= Beginning of Section =
(* Let $r\ge 2$ and $n\ge 3$, and let $\lambda$ be the word morphism on $\{E,N\}$ given by $\lambda(E)=E^{r-1}N$, $\lambda(N)=E^{r-2}N$, and $\theta$ the morphism given by $\theta(E)=E$, $\theta(N)=EN$. Then applying $\lambda$ to the Christoffel word of $\mathcal{D}_n$ yields the Christoffel word of $\mathcal{D}_{n+1}$, and applying $\theta\circ\lambda\circ\theta^{-1}$ to the Christoffel word of $\mathcal{C}_n$ yields the Christoffel word of $\mathcal{C}_{n+1}$.
   Context: Fix an integer $r\ge 2$. Define $c_1=0$, $c_2=1$, $c_n=rc_{n-1}-c_{n-2}$ for $n\ge 3$. For nonnegative integers $a,b$, the maximal Dyck path $\mathcal{P}(a,b)$ is the lattice path from $(0,0)$ to $(a,b)$ using unit north and east steps that never passes strictly above the line segment from $(0,0)$ to $(a,b)$ and is closest to that segment. For $n\ge 3$ let $\mathcal{C}_n=\mathcal{P}(c_{n-1},c_{n-2})$ and $\mathcal{D}_n=\mathcal{P}(c_{n-1}-c_{n-2},c_{n-2})$. The (lower) Christoffel word of such a path is the word over $\{E,N\}$ obtained by reading its steps from $(0,0)$ onward, recording $E$ for each east step and $N$ for each north step. The Christoffel word of $\mathcal{C}_n$ equals $\theta$ applied to the Christoffel word of $\mathcal{D}_n$; $\theta^{-1}$ denotes the inverse of $\theta$ on words in its image (replacing each factor $EN$ coming from an $N$ by $N$). *)

theory Defs
  imports Main
begin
= End of Section =
**Instructions for the task:** A faithful retyping of every entry above is the task.

**Exercise output:**
(* Let $r\ge 2$ and $n\ge 3$, and let $\lambda$ be the word morphism on $\{E,N\}$ given by $\lambda(E)=E^{r-1}N$, $\lambda(N)=E^{r-2}N$, and $\theta$ the morphism given by $\theta(E)=E$, $\theta(N)=EN$. Then applying $\lambda$ to the Christoffel word of $\mathcal{D}_n$ yields the Christoffel word of $\mathcal{D}_{n+1}$, and applying $\theta\circ\lambda\circ\theta^{-1}$ to the Christoffel word of $\mathcal{C}_n$ yields the Christoffel word of $\mathcal{C}_{n+1}$.
   Context: Fix an integer $r\ge 2$. Define $c_1=0$, $c_2=1$, $c_n=rc_{n-1}-c_{n-2}$ for $n\ge 3$. For nonnegative integers $a,b$, the maximal Dyck path $\mathcal{P}(a,b)$ is the lattice path from $(0,0)$ to $(a,b)$ using unit north and east steps that never passes strictly above the line segment from $(0,0)$ to $(a,b)$ and is closest to that segment. For $n\ge 3$ let $\mathcal{C}_n=\mathcal{P}(c_{n-1},c_{n-2})$ and $\mathcal{D}_n=\mathcal{P}(c_{n-1}-c_{n-2},c_{n-2})$. The (lower) Christoffel word of such a path is the word over $\{E,N\}$ obtained by reading its steps from $(0,0)$ onward, recording $E$ for each east step and $N$ for each north step. The Christoffel word of $\mathcal{C}_n$ equals $\theta$ applied to the Christoffel word of $\mathcal{D}_n$; $\theta^{-1}$ denotes the inverse of $\theta$ on words in its image (replacing each factor $EN$ coming from an $N$ by $N$). *)

theory Defs
  imports Main
begin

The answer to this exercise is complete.